Over in Europe, Deutsche Bank (DB), which weighed on the market last week, was back to trading Tuesday, with shares moving higher. Investors await details of a possible fine on the company from the U.S. Justice Department that could reach billions of dollars.
U.S. Treasury yields reached 1.62% for the 10-year note early Tuesday, compared with lows below 1.56% last week back when concerns about DB hit the market. Some of the strength early this week may stem from the positive reading on ISM manufacturing on Monday. Any signs of improvement in the economy may be read as boosting the case for a possible Fed rate hike later this year.
SPX Posts Fourth-Straight Positive Quarter: The S&P 500 Index (SPX) registered a nearly flat September and a 3.3% rise for the Q3, making Q3 the best quarter so far in a year that’s seen the SPX rise about 6.1%. It was the fourth-consecutive quarterly advance for the index, and a quarter marked by strong performance from the technology sector, which saw some bellwether names like Alphabet (GOOG), Apple (AAPL) and Microsoft (MSFT) deliver big gains. Tech companies on the whole beat the overall SPX by 9.1 percentage points in Q3, Bloomberg reported.
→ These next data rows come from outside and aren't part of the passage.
text \<open>An orientation assigns to every strand point whether it points to the right (True)
or to the left (False); it is constant along strands and reverses at cusps.\<close>

definition is_orientation :: "event list \<Rightarrow> nat set \<Rightarrow> (nat \<times> nat \<Rightarrow> bool) \<Rightarrow> bool" where
  "is_orientation evs S ori \<longleftrightarrow>
     (\<forall>(p, q) \<in> cont_edges evs S. ori p = ori q) \<and>
     (\<forall>(p, q) \<in> cusp_edges evs. ori p \<noteq> ori q)"

definition csign :: "event list \<Rightarrow> (nat \<times> nat \<Rightarrow> bool) \<Rightarrow> nat \<Rightarrow> int" where
  "csign evs ori i =
     (if ori (i, epos (evs ! i)) = ori (i, Suc (epos (evs ! i))) then 1 else -1)"

definition writhe :: "event list \<Rightarrow> (nat \<times> nat \<Rightarrow> bool) \<Rightarrow> int" where
  "writhe evs ori = (\<Sum>i \<in> crossings evs. csign evs ori i)"

definition tb :: "event list \<Rightarrow> (nat \<times> nat \<Rightarrow> bool) \<Rightarrow> int" where
  "tb evs ori = writhe evs ori - int (card (rcusps evs))"

definition nested_or_disjoint :: "nat \<Rightarrow> nat \<Rightarrow> nat \<Rightarrow> nat \<Rightarrow> bool" where
  "nested_or_disjoint a1 b1 a2 b2 \<longleftrightarrow>
     (let I1 = {min a1 b1 .. max a1 b1}; I2 = {min a2 b2 .. max a2 b2}
      in I1 \<subseteq> I2 \<or> I2 \<subseteq> I1 \<or> I1 \<inter> I2 = {})"

text \<open>Normal ruling with switch set S.
 (i) every component of the resolved front is planar isotopic to the standard eye front:
     it has exactly one left cusp, exactly one right cusp and no self-crossing;
 (ii) the two strands at each switch belong to two different components;
 (iii) near each switch the two ruling disks (vertical extents of the two incident
     components in the slice at the switch) are nested or disjoint.\<close>

definition normal_ruling :: "event list \<Rightarrow> nat set \<Rightarrow> bool" where
  "normal_ruling evs S \<longleftrightarrow>
     S \<subseteq> crossings evs \<and>
     (\<forall>C \<in> components evs S.
        card {i \<in> lcusps evs. comp evs S (Suc i, epos (evs ! i)) = C} = 1 \<and>
        card {i \<in> rcusps evs. comp evs S (i, epos (evs ! i)) = C} = 1 \<and>
        (\<forall>i \<in> crossings evs - S.
           \<not> (comp evs S (i, epos (evs ! i)) = C \<and> comp evs S (i, Suc (epos (evs ! i))) = C))) \<and>
     (\<forall>i \<in> S. comp evs S (i, epos (evs ! i)) \<noteq> comp evs S (i, Suc (epos (evs ! i)))) \<and>
     (\<forall>i \<in> S. \<forall>a b. a < width evs i \<and> b < width evs i \<and>
         a \<noteq> epos (evs ! i) \<and> b \<noteq> Suc (epos (evs ! i)) \<and>
         (i, a) \<in> comp evs S (i, epos (evs ! i)) \<and>
         (i, b) \<in> comp evs S (i, Suc (epos (evs ! i))) \<longrightarrow>
         nested_or_disjoint (epos (evs ! i)) a (Suc (epos (evs ! i))) b)"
In fact, investors seemed to shift toward riskier stocks like financials and information technology during Q3, a change of pace from earlier in the year when safe stocks like utilities led the charge. The utilities sector fell 6.7% in Q3. One quarter doesn’t tell the entire story, naturally, but it could be interesting to see if this trend toward investors seeking more aggressive sectors continues in Q4.
Health Sector Losing Luster? Another sector sometimes seen as a smart play in volatile times is health care, but, like utilities, health care has come back to earth a bit recently. Though the sector rose almost 40% over the last three years, a pace well above the SPX, it’s down slightly over the last month, and volatility increased in Q3. One reason for the recent weakness could be the growing national focus on high drug prices, accompanied by both presidential candidates agreeing that prices are too high, said S&P Capital, in a note to investors Monday. This scrutiny on the industry may be delaying companies’ plans to raise drug prices, something that could factor into earnings results, S&P added, since price increases are a large part of organic growth for many companies.
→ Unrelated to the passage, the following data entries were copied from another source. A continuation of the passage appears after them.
(* Let $O = \{1,2,3,4\}^N$ be the set of ontic states of a system of $N$ elementary subsystems, and let $\mathcal{Q} = \{Q_1,\dots,Q_{2N}\}$ be a canonical set of $2N$ binary questions, with $Q_i$ identified with the partition $(M_{i,0}, M_{i,1})$ of $O$. Let $E \subseteq O$ be the ontic basis of a valid epistemic state which consists of known answers $a_i \in \{0,1\}$ to a subset $\mathcal{E} \subseteq \{1,\dots,2N\}$ of $k = |\mathcal{E}|$ of these questions, so that $E = \bigcap_{i \in \mathcal{E}} M_{i,a_i}$ is the set of ontic states compatible with these answers. Then $|E| = 2^{2N-k}$.
   Context: In Spekkens' toy theory, a system of $N$ elementary subsystems has ontic states $O=\{1,2,3,4\}^N$. A binary question "is the ontic state in $M_{0}$?" is identified with the partition $(M_0, O\setminus M_0)$ of $O$. A canonical set of questions is a set of binary questions such that every ontic state is uniquely specified by its answers; for $N$ elementary systems it consists of $2N$ questions. An epistemic state is specified by the answers to some of the questions of a canonical set, and its ontic basis is the set of ontic states compatible with these answers. An epistemic state is valid if it obeys the knowledge balance principle (at most half of the questions of a canonical set are answered), both globally and for the marginal on every subset of subsystems. *)

theory Defs
  imports Main "HOL-Library.FuncSet"
begin

definition ontic_states :: "nat \<Rightarrow> (nat \<Rightarrow> nat) set" where
  "ontic_states N = {0..<N} \<rightarrow>\<^sub>E {1,2,3,4}"

text \<open>A binary question is given by the set M0 (answer 0); answer 1 is O - M0.
Questions are indexed by 0..<2N.  Canonical: every ontic state is uniquely determined
by its answers.\<close>
definition canonical_questions :: "nat \<Rightarrow> (nat \<Rightarrow> (nat \<Rightarrow> nat) set) \<Rightarrow> bool" where
  "canonical_questions N M \<longleftrightarrow>
     (\<forall>i<2*N. M i \<subseteq> ontic_states N) \<and>
     (\<forall>x\<in>ontic_states N. \<forall>y\<in>ontic_states N.
        (\<forall>i<2*N. (x \<in> M i \<longleftrightarrow> y \<in> M i)) \<longrightarrow> x = y)"

definition answer_set :: "nat \<Rightarrow> (nat \<Rightarrow> (nat \<Rightarrow> nat) set) \<Rightarrow> nat \<Rightarrow> nat \<Rightarrow> (nat \<Rightarrow> nat) set" where
  "answer_set N M i a = (if a = 0 then M i else ontic_states N - M i)"

definition ontic_basis :: "nat \<Rightarrow> (nat \<Rightarrow> (nat \<Rightarrow> nat) set) \<Rightarrow> nat set \<Rightarrow> (nat \<Rightarrow> nat) \<Rightarrow> (nat \<Rightarrow> nat) set" where
  "ontic_basis N M Es a = {x \<in> ontic_states N. \<forall>i\<in>Es. x \<in> answer_set N M i (a i)}"

definition marginal :: "nat set \<Rightarrow> (nat \<Rightarrow> nat) set \<Rightarrow> (nat \<Rightarrow> nat) set" where
  "marginal S E = (\<lambda>x. restrict x S) ` E"

text \<open>For the marginal on a nonempty set S of subsystems: the
maximal number of answered questions of a canonical set for S, namely
2|S| - log2 |marginal|, is at most |S|, i.e. the marginal ontic basis has at least
2^|S| elements.\<close>
definition valid_epistemic_state :: "nat \<Rightarrow> (nat \<Rightarrow> (nat \<Rightarrow> nat) set) \<Rightarrow> nat set \<Rightarrow> (nat \<Rightarrow> nat) \<Rightarrow> bool" where
  "valid_epistemic_state N M Es a \<longleftrightarrow>
     card Es \<le> N \<and>
     (\<forall>S. S \<subseteq> {0..<N} \<and> S \<noteq> {} \<longrightarrow>
        2 ^ card S \<le> card (marginal S (ontic_basis N M Es a)))"

end

theory Submission
  imports Defs
begin

text \<open>The answers to a canonical set of 2N questions identify an ontic state, so the answer
map embeds the 4^N ontic states into the 2^(2N) = 4^N answer vectors and is therefore a
bijection. Under it, the ontic basis of an epistemic state corresponds to the answer vectors
with k prescribed coordinates, of which there are 2^(2N-k).\<close>

lemma card_PiE_fixed_coordinates:
  assumes "finite A" "Es \<subseteq> A" "b ` Es \<subseteq> B"
  shows "card {v \<in> A \<rightarrow>\<^sub>E B. \<forall>i\<in>Es. v i = b i} = card B ^ (card A - card Es)"
proof -
  let ?S = "{v \<in> A \<rightarrow>\<^sub>E B. \<forall>i\<in>Es. v i = b i}"
  have "bij_betw (\<lambda>v. restrict v (A - Es)) ?S ((A - Es) \<rightarrow>\<^sub>E B)"
  proof (rule bij_betw_byWitness[where f' = "\<lambda>w i. if i \<in> Es then b i else w i"])
    show "\<forall>v\<in>?S. (\<lambda>i. if i \<in> Es then b i else restrict v (A - Es) i) = v"
      using assms(2) by (auto simp: PiE_def extensional_def fun_eq_iff)
    show "\<forall>w\<in>(A - Es) \<rightarrow>\<^sub>E B. restrict (\<lambda>i. if i \<in> Es then b i else w i) (A - Es) = w"
      by (auto simp: PiE_def extensional_def fun_eq_iff)
    show "(\<lambda>v. restrict v (A - Es)) ` ?S \<subseteq> (A - Es) \<rightarrow>\<^sub>E B"
      by auto
    show "(\<lambda>w i. if i \<in> Es then b i else w i) ` ((A - Es) \<rightarrow>\<^sub>E B) \<subseteq> ?S"
      using assms(2,3) by (fastforce simp: PiE_def Pi_def extensional_def)
  qed
  then have "card ?S = card B ^ card (A - Es)"
    by (simp add: bij_betw_same_card card_funcsetE assms(1))
  also have "card (A - Es) = card A - card Es"
    using assms(1,2) by (simp add: card_Diff_subset finite_subset)
  finally show ?thesis .
qed

lemma inj_on_card_eq_imp_bij_betw:
  assumes "inj_on f A" "f ` A \<subseteq> B" "finite B" "card A = card B"
  shows "bij_betw f A B"
  using assms card_subset_eq[of B "f ` A"] by (simp add: bij_betw_def card_image)

lemma finite_ontic_states: "finite (ontic_states N)"
  by (simp add: ontic_states_def finite_PiE)

lemma card_ontic_states: "card (ontic_states N) = 4 ^ N"
  by (simp add: ontic_states_def card_funcsetE numeral_eq_Suc)

definition answer_vector :: "nat \<Rightarrow> (nat \<Rightarrow> (nat \<Rightarrow> nat) set) \<Rightarrow> (nat \<Rightarrow> nat) \<Rightarrow> nat \<Rightarrow> bool"
  where "answer_vector N M x = restrict (\<lambda>i. x \<in> M i) {0..<2*N}"

lemma inj_on_answer_vector:
  assumes "canonical_questions N M"
  shows "inj_on (answer_vector N M) (ontic_states N)"
proof (rule inj_onI)
  fix x y
  assume "x \<in> ontic_states N" "y \<in> ontic_states N" "answer_vector N M x = answer_vector N M y"
  moreover from \<open>answer_vector N M x = answer_vector N M y\<close>
  have "\<forall>i<2*N. x \<in> M i \<longleftrightarrow> y \<in> M i"
    by (auto simp: answer_vector_def fun_eq_iff split: if_splits)
  ultimately show "x = y"
    using assms unfolding canonical_questions_def by blast
qed

lemma bij_betw_answer_vector:
  assumes "canonical_questions N M"
  shows "bij_betw (answer_vector N M) (ontic_states N) ({0..<2*N} \<rightarrow>\<^sub>E UNIV)"
proof (rule inj_on_card_eq_imp_bij_betw)
  show "inj_on (answer_vector N M) (ontic_states N)"
    using assms by (rule inj_on_answer_vector)
  show "answer_vector N M ` ontic_states N \<subseteq> {0..<2*N} \<rightarrow>\<^sub>E UNIV"
    by (auto simp: answer_vector_def)
  show "finite ({0..<2*N} \<rightarrow>\<^sub>E (UNIV :: bool set))"
    by (simp add: finite_PiE)
  show "card (ontic_states N) = card ({0..<2*N} \<rightarrow>\<^sub>E (UNIV :: bool set))"
    by (simp add: card_ontic_states card_funcsetE power_mult)
qed

lemma ontic_basis_answer_vector:
  assumes "Es \<subseteq> {0..<2*N}" "\<forall>i\<in>Es. a i \<in> {0,1}"
  shows "ontic_basis N M Es a =
    {x \<in> ontic_states N. \<forall>i\<in>Es. answer_vector N M x i = (a i = 0)}"
  using assms by (force simp: ontic_basis_def answer_set_def answer_vector_def)

theorem mainTheorem2:
  fixes N :: nat and M :: "nat \<Rightarrow> (nat \<Rightarrow> nat) set"
    and Es :: "nat set" and a :: "nat \<Rightarrow> nat"
  assumes "canonical_questions N M"
    and "Es \<subseteq> {0..<2*N}"
    and "\<forall>i\<in>Es. a i \<in> {0,1}"
    and "valid_epistemic_state N M Es a"
  shows "card (ontic_basis N M Es a) = 2 ^ (2*N - card Es)"
proof -
  let ?prescribed = "\<lambda>v. \<forall>i\<in>Es. v i = (a i = 0)"
  have "bij_betw (answer_vector N M) (ontic_basis N M Es a)
      {v \<in> {0..<2*N} \<rightarrow>\<^sub>E UNIV. ?prescribed v}"
    unfolding ontic_basis_answer_vector[OF assms(2,3)]
    by (rule bij_betw_Collect[OF bij_betw_answer_vector[OF assms(1)]]) simp
  then have "card (ontic_basis N M Es a) = card {v \<in> {0..<2*N} \<rightarrow>\<^sub>E UNIV. ?prescribed v}"
    by (rule bij_betw_same_card)
  also have "\<dots> = 2 ^ (2*N - card Es)"
    using card_PiE_fixed_coordinates[of "{0..<2*N}" Es "\<lambda>i. a i = 0" UNIV] assms(2)
    by simp
  finally show ?thesis .
qed

end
The analysis firm forecasts 4% earnings per share growth for health care in Q3, which would be the smallest gain for the sector since Q2 of 2013. The weakness may extend across different sub-sectors of health, including biotech, pharmaceutical, and health care providers, S&P Capital said. Hospitals have seen falling admissions rates in recent months.
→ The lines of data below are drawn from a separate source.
lemma prime_dvd_coeff_of_factor:
  fixes A B :: "int poly"
  assumes "prime q" and dvd_coeffs: "\<forall>i<degree (A * B). q dvd coeff (A * B) i"
    and "\<not> q dvd coeff B 0" and "degree A < degree (A * B)"
  shows "q dvd coeff A i"
proof (induction i rule: less_induct)
  case (less i)
  show ?case
  proof (cases "i \<le> degree A")
    case False
    then show ?thesis by (simp add: coeff_eq_0)
  next
    case True
    have "coeff (A * B) i = (\<Sum>j<i. coeff A j * coeff B (i - j)) + coeff A i * coeff B 0"
      by (simp add: coeff_mult lessThan_Suc_atMost[symmetric])
    moreover have "q dvd (\<Sum>j<i. coeff A j * coeff B (i - j))"
      using less.IH by (intro dvd_sum) auto
    moreover have "q dvd coeff (A * B) i"
      using dvd_coeffs True assms(4) by simp
    ultimately have "q dvd coeff A i * coeff B 0"
      by (metis dvd_add_right_iff)
    with assms(1,3) show ?thesis
      using prime_dvd_mult_iff by blast
  qed
qed

lemma degree_pos_of_primitive_factor:
  fixes A B :: "int poly"
  assumes "content (A * B) = 1" and "\<not> is_unit A"
  shows "degree A > 0"
proof (rule ccontr)
  assume "\<not> degree A > 0"
  then obtain a where A: "A = [:a:]"
    by (metis degree_eq_zeroE gr0I)
  have "content A * content B = 1"
    using assms(1) by (simp add: content_mult)
  then have "is_unit a"
    by (metis A content_const dvd_triv_left normalize_dvd_iff)
  with assms(2) A show False
    by (simp add: is_unit_poly_iff)
qed

lemma eisenstein_irreducible:
  fixes P :: "int poly"
  assumes "prime q" and eis: "eisenstein_at q P" and "content P = 1" and "degree P > 0"
  shows "irreducible P"
proof (rule irreducibleI)
  show "P \<noteq> 0" "\<not> is_unit P"
    using \<open>degree P > 0\<close> by (auto simp: is_unit_poly_iff)
  have lead: "q dvd lead_coeff P"
    if "P = A * B" "\<not> q dvd coeff B 0" "degree A > 0" "degree B > 0" for A B
  proof -
    have "A \<noteq> 0" "B \<noteq> 0"
      using that(3,4) by auto
    then have "degree A < degree (A * B)"
      using that(4) by (simp add: degree_mult_eq)
    moreover have "\<forall>i<degree (A * B). q dvd coeff (A * B) i"
      using eis that(1) by (simp add: eisenstein_at_def)
    ultimately have "q dvd coeff A (degree A)"
      using prime_dvd_coeff_of_factor[OF \<open>prime q\<close>] that(2) by blast
    then show ?thesis
      using that(1) by (simp add: lead_coeff_mult)
  qed
  fix A B
  assume P: "P = A * B"
  show "is_unit A \<or> is_unit B"
  proof (rule ccontr)
    assume "\<not> (is_unit A \<or> is_unit B)"
    then have "degree A > 0" "degree B > 0"
      using degree_pos_of_primitive_factor \<open>content P = 1\<close> P mult.commute by metis+
    have coeff0: "coeff P 0 = coeff A 0 * coeff B 0"
      using P by (simp add: coeff_mult)
    have "q dvd coeff P 0"
      using eis \<open>degree P > 0\<close> by (simp add: eisenstein_at_def)
    moreover have "\<not> (q dvd coeff A 0 \<and> q dvd coeff B 0)"
      using eis coeff0 by (auto simp: eisenstein_at_def power2_eq_square mult_dvd_mono)
    ultimately have "\<not> q dvd coeff B 0 \<or> \<not> q dvd coeff A 0"
      by blast
    then have "q dvd lead_coeff P"
      using lead P \<open>degree A > 0\<close> \<open>degree B > 0\<close> by (metis mult.commute)
    with eis show False
      by (simp add: eisenstein_at_def)
  qed
qed

lemma of_int_poly_root_imp_degree_pos:
  fixes R :: "int poly" and z :: "'a :: {idom, ring_char_0}"
  assumes "R \<noteq> 0" and "poly (of_int_poly R) z = 0"
  shows "degree R > 0"
proof (rule ccontr)
  assume "\<not> degree R > 0"
  then obtain c where "R = [:c:]"
    by (metis degree_eq_zeroE gr0I)
  with assms show False
    by simp
qed

lemma prime_poly_dvd_factor_of_smult:
  fixes P R S :: "int poly"
  assumes "prime_elem P" and "a \<noteq> 0" and "R \<noteq> 0" and RS: "R * S = P * [:a:]"
  shows "P dvd R \<or> degree R = 0"
proof -
  have "P dvd R * S"
    using RS by (metis dvd_triv_left)
  then consider "P dvd R" | "P dvd S"
    using assms(1) prime_elem_dvd_mult_iff by blast
  then show ?thesis
  proof cases
    case 2
    then obtain U where "S = P * U" ..
    with RS have "P * (R * U) = P * [:a:]"
      by (simp add: mult.left_commute)
    moreover have "P \<noteq> 0"
      using assms(1) by auto
    ultimately have "[:a:] = R * U"
      by (metis mult_left_cancel)
    moreover from this have "U \<noteq> 0"
      using \<open>a \<noteq> 0\<close> by auto
    ultimately have "degree R = 0"
      using assms(3) by (metis degree_mult_eq degree_pCons_0 add_is_0)
    then show ?thesis
      by simp
  qed simp
qed

lemma prime_poly_degree_le_of_common_root:
  fixes P R :: "int poly" and z :: "'a :: {idom, ring_char_0}"
  assumes "prime_elem P" and "R \<noteq> 0"
    and "poly (of_int_poly P) z = 0" and "poly (of_int_poly R) z = 0"
  shows "degree P \<le> degree R"
  using assms(2,4)
proof (induction "degree R" arbitrary: R rule: less_induct)
  case less
  define r where "r = pseudo_mod P R"
  obtain a S where "a \<noteq> 0" and division: "Polynomial.smult a P = R * S + r"
    using pseudo_mod(1)[OF less.prems(1)] unfolding r_def by blast
  have "poly (of_int_poly (Polynomial.smult a P)) z = poly (of_int_poly (R * S + r)) z"
    by (simp only: division)
  then have root_r: "poly (of_int_poly r) z = 0"
    using assms(3) less.prems(2) by (simp add: hom_distribs)
  show ?case
  proof (cases "r = 0")
    case False
    then have "degree r < degree R"
      using pseudo_mod(2)[OF less.prems(1)] unfolding r_def by blast
    with less.hyps[OF this False root_r] show ?thesis
      by simp
  next
    case True
    with division have "R * S = P * [:a:]"
      by simp
    with assms(1) \<open>a \<noteq> 0\<close> less.prems(1) have "P dvd R \<or> degree R = 0"
      by (rule prime_poly_dvd_factor_of_smult)
    then show ?thesis
    proof
      assume "P dvd R"
      then show ?thesis
        using less.prems(1) by (rule dvd_imp_degree_le)
    next
      assume "degree R = 0"
      with of_int_poly_root_imp_degree_pos[OF less.prems] show ?thesis
        by simp
    qed
  qed
qed

lemma prime_poly_eq_of_common_root:
  fixes P Q :: "int poly" and z :: "'a :: {idom, ring_char_0}"
  assumes "prime_elem P" and "degree Q = degree P" and "lead_coeff Q = lead_coeff P"
    and "poly (of_int_poly P) z = 0" and "poly (of_int_poly Q) z = 0"
  shows "Q = P"
proof (rule ccontr)
  assume "Q \<noteq> P"
  have "P \<noteq> 0"
    using assms(1) by auto
  then have "degree P > 0"
    using of_int_poly_root_imp_degree_pos assms(4) by blast
  have "degree (Q - P) < degree P"
  proof -
    have "coeff (Q - P) i = 0" if "degree P \<le> i" for i
      using that assms(2,3) by (cases "i = degree P") (auto simp: coeff_eq_0)
    then have "degree (Q - P) \<le> degree P - 1"
      by (intro degree_le) simp
    with \<open>degree P > 0\<close> show ?thesis
      by linarith
  qed
  moreover have "degree P \<le> degree (Q - P)"
    using assms(1,4,5) \<open>Q \<noteq> P\<close>
    by (intro prime_poly_degree_le_of_common_root[where z = z]) (simp_all add: of_int_poly_hom.hom_minus)
  ultimately show False
    by simp
qed

lemma card_le_card_of_nonzero_roots:
  fixes F :: "int poly set" and S :: "complex set"
  assumes "finite S" and "prime q" and "d > 0"
    and polys: "\<And>P. P \<in> F \<Longrightarrow> eisenstein_at q P \<and> lead_coeff P = 1 \<and> degree P = d"
    and roots: "\<And>P z. P \<in> F \<Longrightarrow> z \<noteq> 0 \<Longrightarrow> poly (of_int_poly P) z = 0 \<Longrightarrow> z \<in> S"
  shows "card F \<le> card S"
proof -
  define root where "root P = (SOME z. poly (of_int_poly P) z = (0 :: complex))" for P
  have root: "poly (of_int_poly P) (root P) = 0" if "P \<in> F" for P
  proof -
    have "\<not> constant (poly (of_int_poly P :: complex poly))"
      using polys[OF that] \<open>d > 0\<close> by (simp add: constant_degree)
    from fundamental_theorem_of_algebra[OF this] show ?thesis
      unfolding root_def by (rule someI_ex)
  qed
  have root_nonzero: "root P \<noteq> 0" if "P \<in> F" for P
  proof
    assume "root P = 0"
    then have "coeff P 0 = 0"
      using root[OF that] by (simp add: poly_0_coeff_0)
    with polys[OF that] show False
      by (simp add: eisenstein_at_def)
  qed
  have prime: "prime_elem P" if "P \<in> F" for P
  proof -
    have "content P dvd lead_coeff P"
      by (rule content_dvd_coeff)
    then have "content P = 1"
      using polys[OF that] is_unit_content_iff by metis
    then show ?thesis
      using polys[OF that] \<open>d > 0\<close>
      by (intro irreducible_imp_prime_poly eisenstein_irreducible[OF \<open>prime q\<close>]) auto
  qed
  have "inj_on root F"
  proof (rule inj_onI)
    fix P Q
    assume "P \<in> F" "Q \<in> F" "root P = root Q"
    then show "P = Q"
      using prime_poly_eq_of_common_root[OF prime, of Q P "root P"] polys root by metis
  qed
  moreover have "root ` F \<subseteq> S"
    using roots root root_nonzero by blast
  ultimately show ?thesis
    using card_inj_on_le \<open>finite S\<close> by blast
qed

(* For z \<noteq> 0, rows 1..n force an eigenvector to start with 1, 1/z, ..., 1/z^n; rows n+1..2n
   then determine its remaining coordinates (digit_tail, via digit_tail_rec), and row 0 becomes
   the polynomial equation of eigenvalue_digit_mat. *)
definition digit_mat :: "nat \<Rightarrow> int \<Rightarrow> int \<Rightarrow> (nat \<Rightarrow> nat \<Rightarrow> int) \<Rightarrow> int mat" where
  "digit_mat n w s B = mat (2*n+1) (2*n+1) (\<lambda>(r, c).
     if r = 0 then (if c = n + 1 then w else 0)
     else if r \<le> n then (if c + 1 = r then 1 else 0)
     else if c = r + 1 then s
     else if 1 \<le> c \<and> c \<le> n then B (r - n) c else 0)"

lemma dim_digit_mat [simp]:
  "dim_row (digit_mat n w s B) = 2*n+1" "dim_col (digit_mat n w s B) = 2*n+1"
  unfolding digit_mat_def by simp_all

lemma digit_mat_mem_int_mats_height:
  assumes "\<bar>w\<bar> \<le> int h" and "\<bar>s\<bar> \<le> int h" and "h \<ge> 1" and "\<And>i j. \<bar>B i j\<bar> \<le> int h"
  shows "digit_mat n w s B \<in> int_mats_height (2*n+1) h"
  using assms unfolding int_mats_height_def digit_mat_def by auto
The Market Range that Wouldn’t Leave: Back in the 1970s, the late comedian John Belushi played a rude houseguest who refused to depart when the evening ended, much to the chagrin of his hosts. This brings to mind the current trading range of the SPX, because it seems like the index just refuses to leave this 2150 to approximately 2190 level it’s been stuck in for months. In fact, since July 1, the SPX has closed below that range on just nine days, eight of which occurred in consecutive sessions ended Sept. 20, back when fears of a Fed rate hike pinned down the market. It’s never surpassed the 2193 mid-session peak of Aug. 15 that marks its all-time high.
Monday’s close of 2162 marked the fifth-straight session back in the range, with support now seen at 2150 and resistance still at 2177, a level last touched on Sept. 22. We saw similar range-bound trading last spring, when SPX got stuck between 2050 and 2100. Often, the big round numbers can pose a psychological barrier of sorts, and 2200 has certainly seemed to be a challenge.